The world as global Palestine

For Palestinians – as for many refugees in camps and detention – a state of lockdown is nothing new. In Elia Suleiman’s gentle comedy It Must Be Heaven, he seems to foretell, with empty city-scapes, and omnipresent police – how COVID-19 can affect the most vulnerable. As species die around us, oceans rise, more and more people will be forced to flee. We are now besieged by a 1.5 billion year old life-form: a virus. Suleiman suggests we learn from this experience to live in the state of siege epitomized by Palestine. His surreal film inspires us to observe, to reflect on our common humanity, and to quietly, and resolutely, resist state solutions that put security ahead of human well-being.  

Handala’ by cartoonist Naji al-Ali                             Elia Suleiman in ‘It Must be Heaven

In an early full-length study of how COVID-19 lockdowns affect migrant workers, the editor comments that across the world:  “Borders are closed. These closing lines are drawing inwards like concentric circles to the extent that the migrant…is unwelcome, s/he is a migrant to his/her own home”.  An estimated 80 per cent of the planet’s people have been through weeks or months of strict lockdown, and global dividing walls seem to divide more and more of us. In his gentle, surreal and humorous film, Palestinian director Elia Suleiman suggests, during the worldwide COVID-19 lockdown, “you can consider the world a global Palestine”. In the ironically-titled It Must be Heaven (2019), set in occupied Palestine, Paris and New York, Suleiman plays the main character.

He stands, like Handala, the little boy seen from behind, cartoon symbol of Palestinian resistance (Illustration below). As Naji al-Ali, the cartoonist, explains he: “…drew Handala to keep the memory of his homeland close to him, and…through this icon he works to remember his Palestinian identity”. [HH1] Handala is a young refugee. Like him, Suleiman stands in the film with his hands folded behind his back, bearing witness to all that is around him. In Paris and New York, he finds the cities almost deserted. He watches policemen measure the distance between the café tables to the road, as he sits drinking coffee. They could be measuring our social distancing. As tanks rumble through Parisian streets, we are back in Palestine. In New York, a helicopter follows Suleiman down an empty alleyway. Grocery shoppers carry guns, bazookas, grenades, and rocket-launchers. In a rare act of kindness, an African-American taxi driver, hearing Suleiman is Palestinian, offers him a free cab ride. In Central Park an angel dressed in the Palestinian flag is chased by police. In Nazareth, Paris, New York, police are everywhere, along with cameras and surveillance.

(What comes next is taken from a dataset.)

(* Let $S=S_1\times\cdots\times S_m\subseteq\mathbb{F}_q^m$ and let $\prec$ be an arbitrary (fixed) monomial ordering on monomials in $X_1,\dots,X_m$. Enumerate $\Delta(s_1,\dots,s_m)=\{N_1,\dots,N_n\}$ so that $N_1\prec N_2\prec\cdots\prec N_n$. Let $L_2\subsetneq L_1\subseteq\Delta(s_1,\dots,s_m)$. Then $C(L_1)$ and $C(L_2)$ have length $n$, $C(L_2)\subsetneq C(L_1)$, and $\dim C(L_1)-\dim C(L_2)=\#L_1-\#L_2$. Moreover, putting $u=\min\{i\mid N_i\in L_1\setminus L_2\}$ and $u^\perp=\max\{i\mid N_i\in L_1\}$, for every $v=1,\dots,\#L_1-\#L_2$: $$M_v(C(L_1),C(L_2))\ \ge\ \min\{D(K)\mid K\subseteq \{N_u,\dots,N_n\}\cap L_1,\ \#K=v\},$$ $$M_v(C(L_2)^\perp,C(L_1)^\perp)\ \ge\ \min\{D^\perp(K)\mid K\subseteq\{N_1,\dots,N_{u^\perp}\}\setminus L_2,\ \#K=v\}.$$
   Context: $q$ is a prime power. For $i=1,\dots,m$, $S_i\subseteq\mathbb{F}_q$ is nonempty with $s_i=\#S_i$; $S=S_1\times\cdots\times S_m=\{\alpha_1,\dots,\alpha_n\}$ with $n=\prod_i s_i$ (fixed enumeration). $\Delta(s_1,\dots,s_m)=\{X_1^{i_1}\cdots X_m^{i_m}\mid 0\le i_t<s_t,\ t=1,\dots,m\}$. For $L\subseteq\Delta(s_1,\dots,s_m)$, $C(L)\subseteq\mathbb{F}_q^n$ is the $\mathbb{F}_q$-span of the vectors $(N(\alpha_1),\dots,N(\alpha_n))$ for $N\in L$. For a monomial $N=X_1^{i_1}\cdots X_m^{i_m}\in\Delta(s_1,\dots,s_m)$: $D(N)=\prod_{t=1}^m(s_t-i_t)$ and $D^\perp(N)=\prod_{t=1}^m(i_t+1)$; for $K\subseteq\Delta(s_1,\dots,s_m)$: $D(K)=\#\{N\in\Delta(s_1,\dots,s_m)\mid N\text{ is divisible by some }M\in K\}$ and $D^\perp(K)=\#\{N\in\Delta(s_1,\dots,s_m)\mid N\text{ divides some }M\in K\}$. $C^\perp$ denotes the dual with respect to the Euclidean inner product. For linear codes $C_2\subsetneq C_1\subseteq\mathbb{F}_q^n$ and $1\le v\le \dim C_1-\dim C_2$, the relative generalized Hamming weight is $M_v(C_1,C_2)=\min\{\#\mathrm{Supp}\,U\mid U\subseteq C_1 \text{ a subspace},\ \dim U=v,\ U\cap C_2=\{\vec 0\}\}$, where $\mathrm{Supp}\,U$ is the set of coordinate positions in which some codeword of $U$ is nonzero. ($M_1(C_1,C_2)=\min\{w_H(\vec c)\mid \vec c\in C_1\setminus C_2\}$.) *)

theory Defs
  imports Complex_Main "HOL-Library.Function_Algebras" "HOL-Library.FuncSet"
begin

As Daniel Trilling notes, measures to combat Covid-19 have led to the ‘overpolicing of marginalized groups’. And Suleiman points out that the politics used in Palestine are now universal. Can one really fight a virus with security measures and border closure?  Across the world, migrant workers, refugees, the homeless and Roma are besieged, confined to crowded accommodation, chased out of the cities in the Gulf, India and China. Forced into makeshift camps, attacked and detained, all in the name of containing the virus.  What we need now is testing, tracing and protection for the most vulnerable, and genuinely universal health care. In the absence of these necessities, we get more policing. When Turkey bussed Syrian refugees to the Greek border during the COVID-19 crisis, they were reportedly met with “tear gas, water cannon and live ammunition” when “…trying to cross the border”. As attention shifts away from terrorism to infection, the vocabulary remains the same: fighting, beating, a war. The unseen enemy must be smashed, but the violence is also visible. As Arundhati Roy (Indian novelist and political speaker) notes: “Historically, pandemics have forced humans to break with the past and imagine their world anew. This one is no different. It is a portal, a gateway between one world and the next”. In the perplexing era we now live in, like Suleiman, and like Handala, Naji-al-Ali’s iconic symbol of Palestinian sumud, or resistance, we need to pause a while, observe, listen and learn, and to resist through finding joy in our common humanity.